It’s a different game if you’re managing money. For example, at most hedge funds, they cut your risk in half if you lose 4% - so you have to be mindful of your drawdowns as much as you can
This is almost painful for me to read. One of the greatest benefits of trading your own money is the ability to freely lose it! Unless you’re trading severely capital intensive arbs and leverage constraints have blocked your ability to have a proper drawdown, you have got to be leaving a very large chunk of terminal wealth on the table trading this way. If you understand this and still choose to gut your VaR because absorbing variance diminishes your quality of life more than the utility of additional wealth adds to it, then more power to you. I could actually kind of admire that. I think I got into trading partially because I can’t help pushing the envelope even when I kind of wish I could get myself to back off. Lost count of the times I’ve been -10% or more on intraday marks on a high conviction trade in the past 5 years.
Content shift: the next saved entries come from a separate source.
(* Let $g:[a,b]\to\mathbb R$ be increasing and left-continuous at every point of $(a,b)$, and let $f:[a,b]\to\mathbb R$ be $g$-Lipschitz continuous with Lipschitz constant $H$. Then $f^B$ is $g^B$-Lipschitz continuous with Lipschitz constant $H$. Furthermore, if $f$ is increasing, then $f^C$ is $g^C$-Lipschitz continuous with Lipschitz constant $H$.
   Context: For a function $\varphi:[a,b]\to\mathbb R$ having right limits, $\Delta^+\varphi(t)=\varphi(t^+)-\varphi(t)$, its jump part is $\varphi^B(t)=\sum_{s\in[a,t)}\Delta^+\varphi(s)$ and its continuous part is $\varphi^C=\varphi-\varphi^B$ (applied to both $f$ and $g$). For functions $u,v$ on $[a,b]$, $u$ is $v$-Lipschitz continuous with constant $H$ if $|u(t)-u(s)|\le H|v(t)-v(s)|$ for all $t,s\in[a,b]$. *)

theory Defs
  imports "HOL-Analysis.Analysis"
begin

definition right_lim :: "real \<Rightarrow> (real \<Rightarrow> real) \<Rightarrow> real \<Rightarrow> real" where
  "right_lim b \<phi> t = Lim (at t within {t<..b}) \<phi>"

definition right_jump :: "real \<Rightarrow> (real \<Rightarrow> real) \<Rightarrow> real \<Rightarrow> real" where
  "right_jump b \<phi> t = right_lim b \<phi> t - \<phi> t"

definition jump_part :: "real \<Rightarrow> real \<Rightarrow> (real \<Rightarrow> real) \<Rightarrow> real \<Rightarrow> real" where
  "jump_part a b \<phi> t = infsum (right_jump b \<phi>) {a..<t}"

definition cont_part :: "real \<Rightarrow> real \<Rightarrow> (real \<Rightarrow> real) \<Rightarrow> real \<Rightarrow> real" where
  "cont_part a b \<phi> t = \<phi> t - jump_part a b \<phi> t"

definition rel_lipschitz :: "real \<Rightarrow> real \<Rightarrow> (real \<Rightarrow> real) \<Rightarrow> (real \<Rightarrow> real) \<Rightarrow> real \<Rightarrow> bool" where
  "rel_lipschitz a b u v H \<longleftrightarrow>
     (\<forall>t\<in>{a..b}. \<forall>s\<in>{a..b}. \<bar>u t - u s\<bar> \<le> H * \<bar>v t - v s\<bar>)"

end

theory Submission imports Defs begin

text \<open>
  For increasing \<open>g\<close>, \<open>f\<close> is \<open>g\<close>-Lipschitz with constant \<open>H\<close> exactly when both
  \<open>H g - f\<close> and \<open>H g + f\<close> are increasing. Monotone functions have right limits and absolutely
  summable right jumps, so on them the jump part and the continuous part are linear operators, and
  both preserve monotonicity. Writing \<open>f\<close> and \<open>H g\<close> as combinations of the two increasing
  functions \<open>H g \<mp> f\<close> therefore transfers the Lipschitz condition to both parts. In particular the
  conclusion about continuous parts holds without assuming \<open>f\<close> increasing, and the left continuity
  of \<open>g\<close> is not needed.
\<close>

lemma right_lim_mono_on:
  fixes \<phi> :: "real \<Rightarrow> real"
  assumes mono: "mono_on {a..b} \<phi>" and "a \<le> m" "m < b"
  shows "right_lim b \<phi> m = Inf (\<phi> ` {m<..b})"
    and "(\<phi> \<longlongrightarrow> right_lim b \<phi> m) (at m within {m<..b})"
proof -
  have "{m<..} \<inter> {m<..b} = {m<..b}" by auto
  then have lim: "(\<phi> \<longlongrightarrow> Inf (\<phi> ` {m<..b})) (at m within {m<..b})"
    using Lim_right_bound[of "{m<..b}" m \<phi> "\<phi> m"] mono assms by (auto simp: mono_on_def)
  have "at m within {m<..b} \<noteq> bot"
    using \<open>m < b\<close> by (simp add: at_within_eq_bot_iff)
  from this lim show eq: "right_lim b \<phi> m = Inf (\<phi> ` {m<..b})"
    unfolding right_lim_def by (rule tendsto_Lim)
  show "(\<phi> \<longlongrightarrow> right_lim b \<phi> m) (at m within {m<..b})"
    using lim eq by simp
qed

lemma right_lim_le_mono_on:
  fixes \<phi> :: "real \<Rightarrow> real"
  assumes mono: "mono_on {a..b} \<phi>" and "a \<le> m" "m < y" "y \<le> b"
  shows "right_lim b \<phi> m \<le> \<phi> y"
proof -
  have "bdd_below (\<phi> ` {m<..b})"
    using mono assms by (auto simp: mono_on_def bdd_below_def intro!: exI[of _ "\<phi> m"])
  then show ?thesis
    using right_lim_mono_on(1)[OF mono] assms by (auto intro!: cInf_lower)
qed

lemma right_jump_nonneg_mono_on:
  fixes \<phi> :: "real \<Rightarrow> real"
  assumes mono: "mono_on {a..b} \<phi>" and "m \<in> {a..<b}"
  shows "0 \<le> right_jump b \<phi> m"
proof -
  have "\<phi> m \<le> Inf (\<phi> ` {m<..b})"
    using mono assms by (auto simp: mono_on_def intro!: cInf_greatest)
  then show ?thesis
    using right_lim_mono_on(1)[OF mono] assms by (simp add: right_jump_def)
qed

lemma sum_right_jump_le_mono_on:
  fixes \<phi> :: "real \<Rightarrow> real"
  assumes mono: "mono_on {a..b} \<phi>" and "finite F"
    and "F \<subseteq> {s..<t}" "a \<le> s" "s \<le> t" "t \<le> b"
  shows "sum (right_jump b \<phi>) F \<le> \<phi> t - \<phi> s"
  using assms(2-)
proof (induction F arbitrary: t rule: finite_linorder_max_induct)
  case empty
  then show ?case using mono by (auto simp: mono_on_def)
next
  case (insert m F)
  have "sum (right_jump b \<phi>) F \<le> \<phi> m - \<phi> s"
    using insert by (intro insert.IH) auto
  moreover have "right_lim b \<phi> m \<le> \<phi> t"
    using insert by (intro right_lim_le_mono_on[OF mono]) auto
  moreover have "m \<notin> F" using insert by auto
  ultimately show ?case
    using insert by (simp add: right_jump_def)
qed

lemma right_jump_summable_on_mono_on:
  fixes \<phi> :: "real \<Rightarrow> real"
  assumes mono: "mono_on {a..b} \<phi>" and "a \<le> b"
  shows "right_jump b \<phi> summable_on {a..<b}"
proof (rule nonneg_bdd_above_summable_on)
  show "\<And>x. x \<in> {a..<b} \<Longrightarrow> 0 \<le> right_jump b \<phi> x"
    using right_jump_nonneg_mono_on[OF mono] by auto
  show "bdd_above (sum (right_jump b \<phi>) ` {F. F \<subseteq> {a..<b} \<and> finite F})"
    using sum_right_jump_le_mono_on[OF mono] \<open>a \<le> b\<close>
    by (auto simp: bdd_above_def intro!: exI[of _ "\<phi> b - \<phi> a"])
qed

lemma infsum_right_jump_le_mono_on:
  fixes \<phi> :: "real \<Rightarrow> real"
  assumes mono: "mono_on {a..b} \<phi>" and "a \<le> s" "s \<le> t" "t \<le> b"
  shows "infsum (right_jump b \<phi>) {s..<t} \<le> \<phi> t - \<phi> s"
proof (rule infsum_le_finite_sums)
  show "right_jump b \<phi> summable_on {s..<t}"
    using assms by (intro summable_on_subset[OF right_jump_summable_on_mono_on[OF mono]]) auto
  show "\<And>F. finite F \<Longrightarrow> F \<subseteq> {s..<t} \<Longrightarrow> sum (right_jump b \<phi>) F \<le> \<phi> t - \<phi> s"
    using sum_right_jump_le_mono_on[OF mono] assms by blast
qed

lemma jump_part_diff:
  fixes \<phi> :: "real \<Rightarrow> real"
  assumes summable: "right_jump b \<phi> summable_on {a..<b}" and "a \<le> s" "s \<le> t" "t \<le> b"
  shows "jump_part a b \<phi> t - jump_part a b \<phi> s = infsum (right_jump b \<phi>) {s..<t}"
proof -
  have "{a..<t} = {a..<s} \<union> {s..<t}" using assms by auto
  moreover have "infsum (right_jump b \<phi>) ({a..<s} \<union> {s..<t})
      = infsum (right_jump b \<phi>) {a..<s} + infsum (right_jump b \<phi>) {s..<t}"
    using assms by (intro infsum_Un_disjoint summable_on_subset[OF summable]) auto
  ultimately show ?thesis by (simp add: jump_part_def)
qed

lemma mono_on_jump_part:
  fixes \<phi> :: "real \<Rightarrow> real"
  assumes mono: "mono_on {a..b} \<phi>"
  shows "mono_on {a..b} (jump_part a b \<phi>)"
proof (rule mono_onI)
  fix s t assume "s \<in> {a..b}" "t \<in> {a..b}" "s \<le> t"
  then show "jump_part a b \<phi> s \<le> jump_part a b \<phi> t"
    using jump_part_diff[OF right_jump_summable_on_mono_on[OF mono], of s t]
      infsum_nonneg[of "{s..<t}" "right_jump b \<phi>"] right_jump_nonneg_mono_on[OF mono]
    by auto
qed

lemma mono_on_cont_part:
  fixes \<phi> :: "real \<Rightarrow> real"
  assumes mono: "mono_on {a..b} \<phi>"
  shows "mono_on {a..b} (cont_part a b \<phi>)"
proof (rule mono_onI)
  fix s t assume "s \<in> {a..b}" "t \<in> {a..b}" "s \<le> t"
  then show "cont_part a b \<phi> s \<le> cont_part a b \<phi> t"
    using jump_part_diff[OF right_jump_summable_on_mono_on[OF mono], of s t]
      infsum_right_jump_le_mono_on[OF mono, of s t]
    by (auto simp: cont_part_def)
qed

lemma right_jump_linear_combination:
  fixes \<phi> \<psi> :: "real \<Rightarrow> real"
  assumes "m < b"
    and "(\<phi> \<longlongrightarrow> right_lim b \<phi> m) (at m within {m<..b})"
    and "(\<psi> \<longlongrightarrow> right_lim b \<psi> m) (at m within {m<..b})"
  shows "right_jump b (\<lambda>x. c * \<phi> x + d * \<psi> x) m = c * right_jump b \<phi> m + d * right_jump b \<psi> m"
proof -
  have "((\<lambda>x. c * \<phi> x + d * \<psi> x) \<longlongrightarrow> c * right_lim b \<phi> m + d * right_lim b \<psi> m)
      (at m within {m<..b})"
    using assms by (intro tendsto_intros)
  with \<open>m < b\<close> have "right_lim b (\<lambda>x. c * \<phi> x + d * \<psi> x) m = c * right_lim b \<phi> m + d * right_lim b \<psi> m"
    unfolding right_lim_def by (intro tendsto_Lim) (simp_all add: at_within_eq_bot_iff)
  then show ?thesis by (simp add: right_jump_def algebra_simps)
qed

lemma jump_part_linear_combination_mono_on:
  fixes \<phi> \<psi> :: "real \<Rightarrow> real"
  assumes mono: "mono_on {a..b} \<phi>" "mono_on {a..b} \<psi>" and t: "t \<in> {a..b}"
  shows "jump_part a b (\<lambda>x. c * \<phi> x + d * \<psi> x) t = c * jump_part a b \<phi> t + d * jump_part a b \<psi> t"
proof -
  have sub: "{a..<t} \<subseteq> {a..<b}" using t by auto
  have summable: "right_jump b \<phi> summable_on {a..<t}" "right_jump b \<psi> summable_on {a..<t}"
    using t by (auto intro!: summable_on_subset[OF right_jump_summable_on_mono_on sub] mono)
  have "jump_part a b (\<lambda>x. c * \<phi> x + d * \<psi> x) t
      = infsum (\<lambda>m. c * right_jump b \<phi> m + d * right_jump b \<psi> m) {a..<t}"
    unfolding jump_part_def using sub
    by (intro infsum_cong right_jump_linear_combination right_lim_mono_on(2)[OF mono(1)]
        right_lim_mono_on(2)[OF mono(2)]) auto
  also have "\<dots> = c * jump_part a b \<phi> t + d * jump_part a b \<psi> t"
    unfolding jump_part_def using summable
    by (simp add: infsum_add summable_on_cmult_right infsum_cmult_right)
  finally show ?thesis .
qed

lemma cont_part_linear_combination_mono_on:
  fixes \<phi> \<psi> :: "real \<Rightarrow> real"
  assumes "mono_on {a..b} \<phi>" "mono_on {a..b} \<psi>" and "t \<in> {a..b}"
  shows "cont_part a b (\<lambda>x. c * \<phi> x + d * \<psi> x) t = c * cont_part a b \<phi> t + d * cont_part a b \<psi> t"
  using jump_part_linear_combination_mono_on[OF assms]
  by (simp add: cont_part_def algebra_simps)

lemma mono_on_rel_lipschitz_combination:
  fixes u v :: "real \<Rightarrow> real"
  assumes "mono_on {a..b} v" and "rel_lipschitz a b u v H" and "\<bar>c\<bar> \<le> 1"
  shows "mono_on {a..b} (\<lambda>x. H * v x + c * u x)"
proof (rule mono_onI)
  fix s t assume "s \<in> {a..b}" "t \<in> {a..b}" "s \<le> t"
  moreover from this have "\<bar>u t - u s\<bar> \<le> H * \<bar>v t - v s\<bar>"
    using assms(2) by (simp add: rel_lipschitz_def)
  ultimately have lip: "\<bar>u t - u s\<bar> \<le> H * (v t - v s)"
    using mono_onD[OF assms(1)] by simp
  have "c * (u s - u t) \<le> \<bar>c\<bar> * \<bar>u t - u s\<bar>"
    by (metis abs_ge_self abs_minus_commute abs_mult)
  also have "\<dots> \<le> \<bar>u t - u s\<bar>"
    using mult_right_mono[OF \<open>\<bar>c\<bar> \<le> 1\<close> abs_ge_zero] by simp
  finally show "H * v s + c * u s \<le> H * v t + c * u t"
    using lip by (simp add: algebra_simps)
qed

lemma rel_lipschitz_if_mono_on:
  fixes u v :: "real \<Rightarrow> real"
  assumes "mono_on {a..b} v"
    and "mono_on {a..b} (\<lambda>x. H * v x - u x)" and "mono_on {a..b} (\<lambda>x. H * v x + u x)"
  shows "rel_lipschitz a b u v H"
proof -
  have le: "\<bar>u t - u s\<bar> \<le> H * \<bar>v t - v s\<bar>" if "s \<in> {a..b}" "t \<in> {a..b}" "s \<le> t" for s t
    using mono_onD[OF assms(1) that] mono_onD[OF assms(2) that] mono_onD[OF assms(3) that]
    by (simp add: abs_le_iff right_diff_distrib)
  show ?thesis
    unfolding rel_lipschitz_def by (metis le abs_minus_commute linear)
qed

lemma rel_lipschitz_transfer:
  fixes f g :: "real \<Rightarrow> real" and L :: "(real \<Rightarrow> real) \<Rightarrow> real \<Rightarrow> real"
  assumes g_mono: "mono_on {a..b} g" and f_lip: "rel_lipschitz a b f g H"
    and linear: "\<And>\<phi> \<psi> c d t. mono_on {a..b} \<phi> \<Longrightarrow> mono_on {a..b} \<psi> \<Longrightarrow> t \<in> {a..b} \<Longrightarrow>
        L (\<lambda>x. c * \<phi> x + d * \<psi> x) t = c * L \<phi> t + d * L \<psi> t"
    and preserves_mono: "\<And>\<phi>. mono_on {a..b} \<phi> \<Longrightarrow> mono_on {a..b} (L \<phi>)"
  shows "rel_lipschitz a b (L f) (L g) H"
proof -
  define h where "h \<sigma> x = H * g x + \<sigma> * f x" for \<sigma> x
  have h_mono: "mono_on {a..b} (h \<sigma>)" if "\<bar>\<sigma>\<bar> \<le> 1" for \<sigma>
    unfolding h_def using mono_on_rel_lipschitz_combination[OF g_mono f_lip that] .
  have f_eq: "f = (\<lambda>x. 1/2 * h 1 x + (-1/2) * h (-1) x)"
    and Hg_eq: "(\<lambda>x. H * g x + 0 * g x) = (\<lambda>x. 1/2 * h 1 x + 1/2 * h (-1) x)"
    by (auto simp: h_def algebra_simps)
  have L_h: "H * L g t + \<sigma> * L f t = L (h \<sigma>) t"
    if "t \<in> {a..b}" "\<sigma> = 1 \<or> \<sigma> = -1" for t \<sigma>
  proof -
    have "L f t = 1/2 * L (h 1) t - 1/2 * L (h (-1)) t"
      by (subst f_eq, subst linear[OF h_mono h_mono \<open>t \<in> {a..b}\<close>]) auto
    moreover have "H * L g t = 1/2 * L (h 1) t + 1/2 * L (h (-1)) t"
      using linear[OF g_mono g_mono that(1), of H 0] Hg_eq
        linear[OF h_mono h_mono that(1), of 1 "-1" "1/2" "1/2"] by simp
    ultimately show ?thesis using that(2) by auto
  qed
  have "mono_on {a..b} (\<lambda>x. H * L g x + \<sigma> * L f x)" if "\<sigma> = 1 \<or> \<sigma> = -1" for \<sigma>
  proof (rule mono_onI)
    fix s t assume "s \<in> {a..b}" "t \<in> {a..b}" "s \<le> t"
    then show "H * L g s + \<sigma> * L f s \<le> H * L g t + \<sigma> * L f t"
      using mono_onD[OF preserves_mono[OF h_mono]] L_h that by auto
  qed
  from preserves_mono[OF g_mono] this[of "-1"] this[of 1] show ?thesis
    by (intro rel_lipschitz_if_mono_on) simp_all
qed

theorem mainTheorem4:
  fixes a b H :: real and f g :: "real \<Rightarrow> real"
  assumes g_mono: "mono_on {a..b} g"
    and g_leftcont: "\<forall>t\<in>{a<..<b}. (g \<longlongrightarrow> g t) (at_left t)"
    and f_lip: "rel_lipschitz a b f g H"
  shows "rel_lipschitz a b (jump_part a b f) (jump_part a b g) H \<and>
         (mono_on {a..b} f \<longrightarrow>
           rel_lipschitz a b (cont_part a b f) (cont_part a b g) H)"
  using rel_lipschitz_transfer[of a b g f H "jump_part a b", OF g_mono f_lip
      jump_part_linear_combination_mono_on mono_on_jump_part]
    rel_lipschitz_transfer[of a b g f H "cont_part a b", OF g_mono f_lip
      cont_part_linear_combination_mono_on mono_on_cont_part]
  by blast

end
LOL; I trade equities.(long only) Very rarely use margin. Number one priority is capital preservation. Happy with 20% a year. Trades have to prove themselves high conviction trades, then I'll add. It's easy to avoid large drawdowns, don't hold trades that move againts you. Don't let the market prove you wrong, make the market prove you right. I got into trading because I didn't like the drawdowns that buy and hold investing entails. I fund my lifestyle with my returns. Every so often I have to pay my bills and I didn't like selling when the market was correcting. Now I can be 100% invested while the market trends up and in cash while the market trends down. I'm not going to turn a few thousand into a million and I'm not shopping for a lambo. Gotta do what works for me.
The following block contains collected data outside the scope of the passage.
(* Let $n\geq 10$ be an integer and let $C_n$ be a set of $n$ points in the plane in general and convex position. Then $\mu(D(C_n))=\binom{n}{2}-5$.
   Context: A set of points in the plane is in general position if no three of its points are collinear, and in convex position if every point is a vertex of its convex hull. The disjointness graph of segments $D(P)$ is the graph whose vertices are all closed straight-line segments with both endpoints in $P$, two being adjacent if and only if they are disjoint. For a graph $G$ and $U\subseteq V(G)$, two distinct vertices $x,y\in U$ are $U$-mutually visible if $G$ contains a shortest $x$-$y$ path none of whose internal vertices lies in $U$; $U$ is a mutual-visibility set if every two distinct vertices of $U$ are $U$-mutually visible. The mutual-visibility number $\mu(G)$ is the maximum size of a mutual-visibility set of $G$. *)

theory Defs
  imports "HOL-Analysis.Analysis"
begin

definition general_position :: "(real^2) set \<Rightarrow> bool" where
  "general_position P \<longleftrightarrow>
     (\<forall>a\<in>P. \<forall>b\<in>P. \<forall>c\<in>P. a \<noteq> b \<and> a \<noteq> c \<and> b \<noteq> c \<longrightarrow> \<not> collinear {a, b, c})"

definition convex_position :: "(real^2) set \<Rightarrow> bool" where
  "convex_position P \<longleftrightarrow> (\<forall>p\<in>P. p extreme_point_of (convex hull P))"

definition segments :: "(real^2) set \<Rightarrow> (real^2) set set" where
  "segments P = {closed_segment a b | a b. a \<in> P \<and> b \<in> P \<and> a \<noteq> b}"

definition disj_adj :: "(real^2) set \<Rightarrow> (real^2) set \<Rightarrow> bool" where
  "disj_adj s t \<longleftrightarrow> s \<inter> t = {}"

definition walk :: "'a set \<Rightarrow> ('a \<Rightarrow> 'a \<Rightarrow> bool) \<Rightarrow> 'a list \<Rightarrow> bool" where
  "walk V E xs \<longleftrightarrow> xs \<noteq> [] \<and> set xs \<subseteq> V \<and>
     (\<forall>i. Suc i < length xs \<longrightarrow> E (xs ! i) (xs ! Suc i))"

definition shortest_path :: "'a set \<Rightarrow> ('a \<Rightarrow> 'a \<Rightarrow> bool) \<Rightarrow> 'a \<Rightarrow> 'a \<Rightarrow> 'a list \<Rightarrow> bool" where
  "shortest_path V E x y xs \<longleftrightarrow> walk V E xs \<and> hd xs = x \<and> last xs = y \<and>
     (\<forall>ys. walk V E ys \<and> hd ys = x \<and> last ys = y \<longrightarrow> length xs \<le> length ys)"

text \<open>Internal vertices of a path xs are those of butlast (tl xs).\<close>
definition mutually_visible :: "'a set \<Rightarrow> ('a \<Rightarrow> 'a \<Rightarrow> bool) \<Rightarrow> 'a set \<Rightarrow> 'a \<Rightarrow> 'a \<Rightarrow> bool" where
  "mutually_visible V E U x y \<longleftrightarrow>
     (\<exists>xs. shortest_path V E x y xs \<and> set (butlast (tl xs)) \<inter> U = {})"

definition mv_set :: "'a set \<Rightarrow> ('a \<Rightarrow> 'a \<Rightarrow> bool) \<Rightarrow> 'a set \<Rightarrow> bool" where
  "mv_set V E U \<longleftrightarrow> U \<subseteq> V \<and>
     (\<forall>x\<in>U. \<forall>y\<in>U. x \<noteq> y \<longrightarrow> mutually_visible V E U x y)"

definition mv_number :: "'a set \<Rightarrow> ('a \<Rightarrow> 'a \<Rightarrow> bool) \<Rightarrow> nat" where
  "mv_number V E = Max {card U | U. mv_set V E U}"

end

theory Submission
  imports Defs
begin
If you’re trading stocks, you should have a risk management in place that will protect your account in case the stock will gap say by 50%. Risking 1% of your total account won’t protect you from the above scenario if you have majority of your capital in that unlucky stock. What will protect you is to allocate say a 10 % maximum of your capital to one position. Therefore, if your stock gaps by 50%, you’ll lose only 5% of your capital. I’m just giving examples, just use whatever figures work for you. Also be careful when you're trading correlated stocks in the same industry / sector . . . I think you know what I mean
Unless you are like me, already over the hill, with the magic of compounding, in another 30 years, you can turn a few thousand into a million with a 20% a year return.
Not sure what hill you're referring to but mine gets steeper ever year. I'm not older than dirt but I know the guy who invented it.
With a return of 20% and a drawdown of < 10% your risk adjusted return is outstanding. For me drawdown of 30% is not unusual. Fortunately I am retail and no one is going to break my kneecap for a 30% drawdown.
30% is a brutal drawdown. You have to get 42% just to break even. That takes time to recover and like they say time is money. One of the reasons I'm a trader is that I didn't like the drawdowns and having to wait for things to turn around. I made the decision not to hold losers in my portfolio. Have had no nasty drawdowns since then.